▸ What is expected
Could you retype exactly the lines running from the line with "using assms(1) by (rule" to the end of the data, both included, and nothing else?

Data entries:
··········
(* Let $M=p_1^{n_1}\cdots p_K^{n_K}$ with distinct primes and $n_\nu\in\mathbb{N}$, let $A\oplus B=\mathbb{Z}_M$, and fix $i\in\{1,\dots,K\}$. Then the following are equivalent: (I) $\Phi_{p_i^{n_i}}(X)\mid A(X)$, and for every $m$ with $p_i^{n_i}\mid m\mid M$, $m\in\mathrm{Div}(A)$ implies $m/p_i\notin\mathrm{Div}(B)$; (II) for every $r\in R$, the tiling $A\oplus rB=\mathbb{Z}_M$ has uniform $(rB,A)$ splitting parity in the $p_i$ direction, i.e. every fiber $z*F_i$, $z\in\mathbb{Z}_M$, splits with parity $(rB,A)$ with respect to the tiling $A\oplus rB=\mathbb{Z}_M$; (III) for every $a\in A$, $b\in B$ and every $x\in a*F_i$, we have $A_{x,b}\subset\Pi(x,p_i^{n_i})$.
   Context: $A\oplus B=\mathbb{Z}_M$ means every element of $\mathbb{Z}_M$ is uniquely $a+b$ with $a\in A$, $b\in B$. $A(X)=\sum_{a\in A}X^a$ ($A$ viewed in $\{0,\dots,M-1\}$), $\Phi_s$ the $s$-th cyclotomic polynomial. $(x,M)=\gcd(x,M)$; $\mathrm{Div}(A)=\{(a-a',M):a,a'\in A\}$. $R=\{r\in\mathbb{Z}_M:(r,M)=1\}$, $rB=\{rb:b\in B\}$. $\Pi(y,p_i^\alpha)=\{y'\in\mathbb{Z}_M:p_i^\alpha\mid y-y'\}$. $F_i=\{0,M/p_i,\dots,(p_i-1)M/p_i\}$, $x*F_i=\{x+f:f\in F_i\}$. For $x,y\in\mathbb{Z}_M$, $A_{x,y}=\{a\in A:(x-a,M)=(y-b',M)\text{ for some }b'\in B\}$. For a tiling $A\oplus C=\mathbb{Z}_M$ and $Z\subset\mathbb{Z}_M$, $\Sigma_A(Z)=\{a\in A:a+c\in Z\text{ for some }c\in C\}$, $\Sigma_C(Z)$ analogously. A fiber $Z=z*F_i$ splits with parity $(C,A)$ if $p_i^{n_i}\mid c-c'$ for all $c,c'\in\Sigma_C(Z)$ and, for all distinct $a,a'\in\Sigma_A(Z)$, $p_i^{n_i-1}\mid a-a'$ but $p_i^{n_i}\nmid a-a'$. *)

theory Defs
  imports Complex_Main "HOL-Computational_Algebra.Polynomial" "HOL-Computational_Algebra.Primes"
begin

text \<open>Z_M is represented by the integers {0..<M}; all arithmetic is taken mod M.\<close>

definition ZM :: "int \<Rightarrow> int set" where
  "ZM M = {0..<M}"

definition tiling :: "int \<Rightarrow> int set \<Rightarrow> int set \<Rightarrow> bool" where
  "tiling M A C \<longleftrightarrow> A \<subseteq> ZM M \<and> C \<subseteq> ZM M \<and>
     (\<forall>x\<in>ZM M. \<exists>!ac. fst ac \<in> A \<and> snd ac \<in> C \<and> (fst ac + snd ac) mod M = x)"

definition mask_poly :: "int set \<Rightarrow> complex poly" where
  "mask_poly A = (\<Sum>a\<in>A. monom 1 (nat a))"

definition cyclotomic :: "nat \<Rightarrow> complex poly" where
  "cyclotomic s = (\<Prod>k\<in>{k. k < s \<and> coprime k s}. [:- cis (2 * pi * real k / real s), 1:])"

definition Div :: "int \<Rightarrow> int set \<Rightarrow> int set" where
  "Div M A = {gcd (a - a') M | a a'. a \<in> A \<and> a' \<in> A}"

definition units_ZM :: "int \<Rightarrow> int set" where
  "units_ZM M = {r \<in> ZM M. coprime r M}"

definition dil :: "int \<Rightarrow> int \<Rightarrow> int set \<Rightarrow> int set" where
  "dil M r B = {(r * b) mod M | b. b \<in> B}"

definition Pi_plane :: "int \<Rightarrow> int \<Rightarrow> int \<Rightarrow> int set" where
  "Pi_plane M y q = {y' \<in> ZM M. q dvd y - y'}"

definition fiber_set :: "int \<Rightarrow> int \<Rightarrow> int set" where
  "fiber_set M p = {k * (M div p) | k. 0 \<le> k \<and> k < p}"

definition fiber :: "int \<Rightarrow> int \<Rightarrow> int \<Rightarrow> int set" where
  "fiber M p x = {(x + f) mod M | f. f \<in> fiber_set M p}"

definition A_xy :: "int \<Rightarrow> int set \<Rightarrow> int set \<Rightarrow> int \<Rightarrow> int \<Rightarrow> int set" where
  "A_xy M A B x y = {a \<in> A. \<exists>b'\<in>B. gcd (x - a) M = gcd (y - b') M}"

definition Sigma_set :: "int \<Rightarrow> int set \<Rightarrow> int set \<Rightarrow> int set \<Rightarrow> int set" where
  "Sigma_set M A C Z = {a \<in> A. \<exists>c\<in>C. (a + c) mod M \<in> Z}"

definition splits_parity :: "int \<Rightarrow> int \<Rightarrow> nat \<Rightarrow> int set \<Rightarrow> int set \<Rightarrow> int set \<Rightarrow> bool" where
  "splits_parity M p n C A Z \<longleftrightarrow>
     (\<forall>c\<in>Sigma_set M C A Z. \<forall>c'\<in>Sigma_set M C A Z. p ^ n dvd c - c') \<and>
     (\<forall>a\<in>Sigma_set M A C Z. \<forall>a'\<in>Sigma_set M A C Z. a \<noteq> a' \<longrightarrow>
         p ^ (n - 1) dvd a - a' \<and> \<not> p ^ n dvd a - a')"

end

theory Submission
  imports Defs "HOL-Number_Theory.Cong" "HOL-Library.Real_Mod"
begin

text \<open>
  Write q = p^n for the full power of p dividing M, and h = M/p. All three conditions turn out
  to be equivalent to one pivot condition, \<open>fiber_B_cong\<close>: whenever a + r b and a' + r b'
  (with a, a' in A, b, b' in B and r a unit mod M) lie in the same p-fiber, i.e. agree modulo h,
  then b and b' agree modulo q.

  Two classical facts about a tiling A + B = Z_M carry the translations. Tijdeman's theorem says
  that A + rB is again a tiling for every unit r: for a prime l not dividing M,
  A(X) B(X^l) is congruent to A(X) B(X)^l, hence to |B|^(l-1) (1 + X + ... + X^(M-1)), modulo
  l and X^M - 1, and l does not divide |B|, so every residue mod M is hit. Its consequence, Sands'
  theorem, says that gcd(a - a', M) = gcd(b - b', M) forces a = a'. The rest is gcd bookkeeping:
  gcd(x, h) = gcd(x, M) unless q divides gcd(x, M), in which case it is gcd(x, M)/p.

  For the cyclotomic divisibility, translation by h permutes Z_M and, under the pivot condition,
  moves the A-component of each point by h modulo q. Hence the sum of zeta^a over a in A equals
  zeta^h times itself for every primitive q-th root of unity zeta, and zeta^h is not 1.
\<close>

lemma coprime_if_no_common_prime:
  fixes a b :: int
  assumes "\<And>l. prime l \<Longrightarrow> l dvd b \<Longrightarrow> \<not> l dvd a" and "b \<noteq> 0"
  shows "coprime a b"
proof (rule ccontr)
  assume "\<not> coprime a b"
  then have "\<not> is_unit (gcd a b)" "gcd a b \<noteq> 0"
    using assms(2) by (auto simp: coprime_iff_gcd_eq_1 is_unit_gcd)
  then obtain l where "prime l" "l dvd gcd a b"
    using prime_divisor_exists by blast
  then show False
    using assms(1) by auto
qed

lemma coprime_lift_mod:
  fixes M N s0 :: int
  assumes "M \<noteq> 0" and "coprime s0 N"
  obtains s where "[s = s0] (mod N)" and "coprime s M"
proof -
  define P where "P = {l \<in> prime_factors M. \<not> l dvd s0}"
  define s where "s = s0 + N * \<Prod>P"
  have finP: "finite P"
    unfolding P_def by simp
  (* Every prime factor of M divides exactly one of s0 and N * \<Prod>P. *)
  have no_common_prime: "\<not> l dvd s" if l: "prime l" "l dvd M" for l
  proof (cases "l dvd s0")
    case True
    then have "\<not> l dvd N"
      using assms(2) l(1) by (meson coprime_common_divisor not_prime_unit)
    moreover have "\<not> l dvd \<Prod>P"
    proof
      assume "l dvd \<Prod>P"
      then obtain l' where "l' \<in> P" "l dvd l'"
        using prime_dvd_prod_iff[OF finP l(1)] by auto
      then show False
        using True l(1) unfolding P_def by (auto dest: primes_dvd_imp_eq)
    qed
    ultimately have "\<not> l dvd N * \<Prod>P"
      using l(1) prime_dvd_mult_iff by blast
    then show ?thesis
      using True unfolding s_def by (simp add: dvd_add_right_iff)
  next
    case False
    have "l \<in> P"
      unfolding P_def using False l assms(1) by (auto simp: in_prime_factors_iff)
    then have "l dvd N * \<Prod>P"
      using finP dvd_prodI[of P l id] by (simp add: dvd_mult)
    then show ?thesis
      using False unfolding s_def by (simp add: dvd_add_left_iff)
  qed
  then have "coprime s M"
    using assms(1) by (rule coprime_if_no_common_prime)
  moreover have "[s = s0] (mod N)"
    unfolding s_def by (simp add: cong_iff_dvd_diff)
  ultimately show thesis
    using that by blast
qed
··········
▸ Solution for this exercise
    using assms(1) by (rule coprime_if_no_common_prime)
  moreover have "[s = s0] (mod N)"
    unfolding s_def by (simp add: cong_iff_dvd_diff)
  ultimately show thesis
    using that by blast
qed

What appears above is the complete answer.